Todo ello permite comprender que cualquier lesión macular produce una disminución de la agudeza visual y la capacidad de diferenciar colores.

Las enfermedades que ocasionan lesiones de la mácula se denominan maculopatías y tienen en común presentar sintomatología que afecta la visión central. Los síntomas más frecuentes son:

  • Distorsión de la visión similar a mirar a través de una espesa niebla o vidrio ondulado.
  • Una mancha oscura o punto ciego en el centro del campo de visión (escotoma central).
  • La visión de las líneas torcidas o imágenes distorsionadas (metamorfopsias).
  • Micropsias (ver objetos más pequeños) o macropsias (ver objetos más grandes).
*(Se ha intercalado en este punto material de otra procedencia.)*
(* Let $f,g\in\mathbb L^2([0,1])$, let $X$ be distributed according to the model below, and set $\Delta=\|f-g\|$. Then for all $0<\epsilon\le1/8$, \[ \mathbb P_X\Big(\big|\eta(X)-\tfrac12\big|\le\epsilon\Big)\le 1\wedge\frac{10\epsilon}{\Delta}. \]
   Context: Model: $Y\sim\mathrm{Bernoulli}(1/2)$ independent of a standard Brownian motion $W$ on $[0,1]$, and $dX(t)=Yf(t)\,dt+(1-Y)g(t)\,dt+dW(t)$, $t\in[0,1]$. $\mathbb P_X$ is the law of $X$. The regression function is $\eta(X)=\mathbb P(Y=1\mid X)=\dfrac{\exp(\int_0^1(f-g)(s)\,dX_s-\frac12\|f\|^2+\frac12\|g\|^2)}{1+\exp(\int_0^1(f-g)(s)\,dX_s-\frac12\|f\|^2+\frac12\|g\|^2)}$. $\|\cdot\|$ is the $\mathbb L^2([0,1])$ norm, $a\wedge b=\min\{a,b\}$, and $10\epsilon/\Delta=+\infty$ if $\Delta=0$. *)

theory Defs
  imports "HOL-Probability.Probability"
begin

definition sq_integrable01 :: "(real \<Rightarrow> real) \<Rightarrow> bool" where
  "sq_integrable01 h \<longleftrightarrow> h \<in> borel_measurable lborel \<and>
     set_integrable lborel {0..1} (\<lambda>t. (h t)^2)"

definition norm01 :: "(real \<Rightarrow> real) \<Rightarrow> real" where
  "norm01 h = sqrt (LINT t:{0..1}|lborel. (h t)^2)"

definition partition01 :: "nat \<Rightarrow> (nat \<Rightarrow> real) \<Rightarrow> bool" where
  "partition01 N \<tau> \<longleftrightarrow> 0 < N \<and> \<tau> 0 = 0 \<and> \<tau> N = 1 \<and> (\<forall>i<N. \<tau> i < \<tau> (Suc i))"

definition step_fun :: "nat \<Rightarrow> (nat \<Rightarrow> real) \<Rightarrow> (nat \<Rightarrow> real) \<Rightarrow> real \<Rightarrow> real" where
  "step_fun N \<tau> c t = (\<Sum>i<N. c i * indicator {\<tau> i..<\<tau> (Suc i)} t)"

definition step_sum :: "(real \<Rightarrow> 'a \<Rightarrow> real) \<Rightarrow> nat \<Rightarrow> (nat \<Rightarrow> real) \<Rightarrow> (nat \<Rightarrow> real) \<Rightarrow> 'a \<Rightarrow> real" where
  "step_sum X N \<tau> c \<omega> = (\<Sum>i<N. c i * (X (\<tau> (Suc i)) \<omega> - X (\<tau> i) \<omega>))"

(* I is (a version of) the Wiener integral  int_0^1 h(s) dX_s  for deterministic h in L^2:
   the limit in probability of the elementary integrals of step functions converging to h in L^2 *)
definition stoch_integral :: "'a measure \<Rightarrow> (real \<Rightarrow> 'a \<Rightarrow> real) \<Rightarrow> (real \<Rightarrow> real) \<Rightarrow> ('a \<Rightarrow> real) \<Rightarrow> bool" where
  "stoch_integral M X h I \<longleftrightarrow> I \<in> borel_measurable M \<and>
     (\<exists>Ns \<tau>s cs. (\<forall>n. partition01 (Ns n) (\<tau>s n)) \<and>
        (\<lambda>n. LINT t:{0..1}|lborel. (step_fun (Ns n) (\<tau>s n) (cs n) t - h t)^2) \<longlonglongrightarrow> 0 \<and>
        (\<forall>e>0. (\<lambda>n. measure M {\<omega> \<in> space M. \<bar>step_sum X (Ns n) (\<tau>s n) (cs n) \<omega> - I \<omega>\<bar> > e})
                  \<longlonglongrightarrow> 0))"

definition std_BM :: "'a measure \<Rightarrow> (real \<Rightarrow> 'a \<Rightarrow> real) \<Rightarrow> bool" where
  "std_BM M W \<longleftrightarrow> prob_space M \<and>
     (\<forall>\<omega>\<in>space M. W 0 \<omega> = 0 \<and> continuous_on {0..1} (\<lambda>t. W t \<omega>)) \<and>
     (\<forall>s t. 0 \<le> s \<longrightarrow> s < t \<longrightarrow> t \<le> 1 \<longrightarrow>
        distributed M lborel (\<lambda>\<omega>. W t \<omega> - W s \<omega>) (normal_density 0 (sqrt (t - s)))) \<and>
     (\<forall>n \<tau>. (\<forall>i<n. 0 \<le> \<tau> i \<and> \<tau> i < \<tau> (Suc i) \<and> \<tau> (Suc i) \<le> 1) \<longrightarrow>
        prob_space.indep_vars M (\<lambda>_. borel) (\<lambda>i \<omega>. W (\<tau> (Suc i)) \<omega> - W (\<tau> i) \<omega>) {..<n})"

(* the random variable Y is independent of the process W = (W t) on [0,1]
   (independence of the generated sigma-algebras; same content as prob_space.indep_var,
    which however requires both variables to have the same codomain type) *)
definition indep_rv_process :: "'a measure \<Rightarrow> ('a \<Rightarrow> real) \<Rightarrow> (real \<Rightarrow> 'a \<Rightarrow> real) \<Rightarrow> bool" where
  "indep_rv_process M Y W \<longleftrightarrow>
     Y \<in> borel_measurable M \<and>
     (\<lambda>\<omega>. \<lambda>t\<in>{0..1}. W t \<omega>) \<in> measurable M (Pi\<^sub>M {0..1} (\<lambda>_. borel)) \<and>
     prob_space.indep_set M
       (sigma_sets (space M) {Y -` A \<inter> space M | A. A \<in> sets borel})
       (sigma_sets (space M) {(\<lambda>\<omega>. \<lambda>t\<in>{0..1}. W t \<omega>) -` B \<inter> space M | B. B \<in> sets (Pi\<^sub>M {0..1} (\<lambda>_. borel))})"

(* regression function eta(X), given I = int_0^1 (f-g)(s) dX_s *)
definition eta :: "(real \<Rightarrow> real) \<Rightarrow> (real \<Rightarrow> real) \<Rightarrow> ('a \<Rightarrow> real) \<Rightarrow> 'a \<Rightarrow> real" where
  "eta f g I \<omega> = (let z = I \<omega> - (norm01 f)^2 / 2 + (norm01 g)^2 / 2 in exp z / (1 + exp z))"

end

(* Approximate the Wiener integral I by elementary integrals of step functions s_n.
   Along s_n the integral of dX splits as Y A + (1 - Y) B + G with deterministic A, B and a
   centred Gaussian G of standard deviation ||s_n||.  If |eta - 1/2| <= epsilon, the logit I + k
   of eta lies within 6 epsilon of 0, so outside the event where the approximation error exceeds
   epsilon/4 the variable G falls into one of two windows of length 25 epsilon/2, one per class;
   each has Gaussian probability at most 5 epsilon/||s_n||.  Then let n tend to infinity, so that
   ||s_n|| tends to Delta. *)

theory Submission
  imports Defs
begin

lemma partition01_mono:
  assumes "partition01 N \<tau>" "i \<le> j" "j \<le> N"
  shows "\<tau> i \<le> \<tau> j"
proof (rule lift_Suc_mono_le_ivl[where N = "{..<N}"])
  show "\<tau> n \<le> \<tau> (Suc n)" if "n \<in> {..<N}" for n
    using assms(1) that by (simp add: partition01_def less_imp_le)
qed (use assms in auto)
lemma nice_blowup_C5_has_nbr_in_part:
  assumes nice: "nice_blowup_C5 V E B" and "i < 5"
    and u: "u \<in> B ((i + 4) mod 5) \<union> B ((i + 1) mod 5)"
  shows "\<exists>w\<in>B i. E u w"
proof -
  define p r where "p = (i + 4) mod 5" and "r = (i + 1) mod 5"
  have idx: "p < 5" "r < 5" "(p + 1) mod 5 = i" "(r + 4) mod 5 = i"
    using \<open>i < 5\<close> unfolding p_def r_def by presburger+
  show ?thesis
    using u nice_blowup_C5D(6)[OF nice idx(1)] nice_blowup_C5D(5)[OF nice idx(2)]
    unfolding idx(3,4) p_def[symmetric] r_def[symmetric] by blast
qed

lemma nice_blowup_C5_sorted_nbhds:
  assumes g: "graph V E" and "\<not> has_induced_C V E 4" and nice: "nice_blowup_C5 V E B" and "i < 5"
  obtains bs where "distinct bs" "set bs = B i"
    "\<And>j. Suc j < length bs \<Longrightarrow> nbhd_in E (B ((i + 4) mod 5) \<union> B ((i + 1) mod 5)) (bs ! j)
                                 \<subseteq> nbhd_in E (B ((i + 4) mod 5) \<union> B ((i + 1) mod 5)) (bs ! Suc j)"
proof -
  obtain bs where "distinct bs" "set bs = B i"
    "sorted_wrt (\<lambda>x y. nbhd_in E (B ((i + 4) mod 5) \<union> B ((i + 1) mod 5)) x
                     \<subseteq> nbhd_in E (B ((i + 4) mod 5) \<union> B ((i + 1) mod 5)) y) bs"
    using finite_chain_sorted_list nice_blowup_C5_finite_part[OF g nice \<open>i < 5\<close>]
      nice_blowup_C5_nbhd_chain[OF assms] finite_nbhd_in[OF g]
    by metis
  then show thesis
    using that sorted_wrt_nth_less[OF _ lessI] by blast
qed

lemma nice_blowup_C5_complete_vertex:
  assumes g: "graph V E" and "\<not> has_induced_C V E 4" and nice: "nice_blowup_C5 V E B" and "i < 5"
  obtains v where "v \<in> B i" "complete_to E v (B ((i + 4) mod 5) \<union> B ((i + 1) mod 5))"
proof -
  obtain v where v: "v \<in> B i" and greatest:
    "\<And>u. u \<in> B i \<Longrightarrow> nbhd_in E (B ((i + 4) mod 5) \<union> B ((i + 1) mod 5)) u
                      \<subseteq> nbhd_in E (B ((i + 4) mod 5) \<union> B ((i + 1) mod 5)) v"
    using finite_chain_has_greatest nice_blowup_C5_finite_part[OF g nice \<open>i < 5\<close>]
      nice_blowup_C5D(2)[OF nice \<open>i < 5\<close>]
      nice_blowup_C5_nbhd_chain[OF assms] finite_nbhd_in[OF g]
    by metis
  have "complete_to E v (B ((i + 4) mod 5) \<union> B ((i + 1) mod 5))"
    by (rule complete_to_of_greatest_nbhd[OF g _ greatest])
      (rule nice_blowup_C5_has_nbr_in_part[OF nice \<open>i < 5\<close>])
  with v show thesis
    using that by blast
qed

theorem lemma4p1:
  fixes V :: "'a set" and E :: "'a \<Rightarrow> 'a \<Rightarrow> bool" and B :: "nat \<Rightarrow> 'a set"
  assumes "graph V E"
    and "\<not> has_induced_P V E 7" and "\<not> has_induced_C V E 4" and "\<not> has_induced_C V E 6"
    and "nice_blowup_C5 V E B"
  shows "(\<forall>i<5. \<exists>bs. distinct bs \<and> set bs = B i \<and>
           (\<forall>j. Suc j < length bs \<longrightarrow>
              nbhd_in E (B ((i + 4) mod 5) \<union> B ((i + 1) mod 5)) (bs ! j)
              \<subseteq> nbhd_in E (B ((i + 4) mod 5) \<union> B ((i + 1) mod 5)) (bs ! Suc j))) \<and>
         (\<forall>i<5. (\<exists>v\<in>B i. complete_to E v (B ((i + 4) mod 5) \<union> B ((i + 1) mod 5))) \<and>
           (\<forall>x\<in>B ((i + 4) mod 5). \<forall>y\<in>B ((i + 1) mod 5). \<exists>z\<in>B i. E x z \<and> E y z))"
proof (intro conjI allI impI ballI)
  fix i :: nat
  assume "i < 5"
  then show "\<exists>bs. distinct bs \<and> set bs = B i \<and>
           (\<forall>j. Suc j < length bs \<longrightarrow>
              nbhd_in E (B ((i + 4) mod 5) \<union> B ((i + 1) mod 5)) (bs ! j)
              \<subseteq> nbhd_in E (B ((i + 4) mod 5) \<union> B ((i + 1) mod 5)) (bs ! Suc j))"
    using nice_blowup_C5_sorted_nbhds[OF assms(1,3,5)] by metis
next
  fix i :: nat
  assume "i < 5"
  then show "\<exists>v\<in>B i. complete_to E v (B ((i + 4) mod 5) \<union> B ((i + 1) mod 5))"
    using nice_blowup_C5_complete_vertex[OF assms(1,3,5)] by metis
next
  fix i :: nat and x y
  assume i: "i < 5" and xy: "x \<in> B ((i + 4) mod 5)" "y \<in> B ((i + 1) mod 5)"
  obtain v where "v \<in> B i" "complete_to E v (B ((i + 4) mod 5) \<union> B ((i + 1) mod 5))"
    using nice_blowup_C5_complete_vertex[OF assms(1,3,5) i] .
  with xy show "\<exists>z\<in>B i. E x z \<and> E y z"
    using graph_sym[OF assms(1)] unfolding complete_to_def by blast
qed

end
PATOLOGÍAS DEL ÁREA MACULAR

PREVALENCIA DE PATOLOGÍAS MÁS FRECUENTES:

La DMRE es la causa más común de ceguera irreversible en mayores de 50 años en países desarrollados. En Latinoamérica la prevalencia es de 1.2% hasta 30% de la población mayor de 50 años. En Estados Unidos es de 6.5% entre los 40 años y más del 15% entre los 85 años o más. La prevalencia de RD es del 34,6% para cualquier tipo, 6,96% para la RD proliferativa, 6,81% para el edema macular diabético, y el 10,2% de RD con amenaza de la visión.

La prevalencia de Membrana epiretiniana idiopática (MER) es de 30 millones de adultos americanos entre los 43 y 86 años. El Beaver Dam Study con 1913 participantes encontró una prevalencia de MER de 34.1% y de tracción vitreomacular de 1.6%.

La miopía degenerativa es la séptima causa de ceguera en adultos en los Estados Unidos, su prevalencia es de 0,5-2% en la población blanca estadounidense y europea, en otras poblaciones especialmente la asiática es más frecuente y varía del 5 al 10 %.

El agujero macular tiene una prevalencia 3.3 por 1000 habitantes y el 60% de pacientes son mujeres.

La CRSC se presenta en 10 a 20 por cada 100 000 habitantes.

DIAGNÓSTICO Y TRATAMIENTO DE MACULOPATÍAS

El test de Amsler, un cuidadoso examen de fondo de ojo, la tomografía de coherencia óptica (OCT) y la angiografía fluoresceínica son los exámenes fundamentales en el diag-
nóstico de maculopatías, existen otras herramientas útiles tales como: La angiografía con indocianina verde, la autofluorescencia del fondo y reflectancia en el infrarrojo cercano, la microperimetría y el electrorretinograma multifocal.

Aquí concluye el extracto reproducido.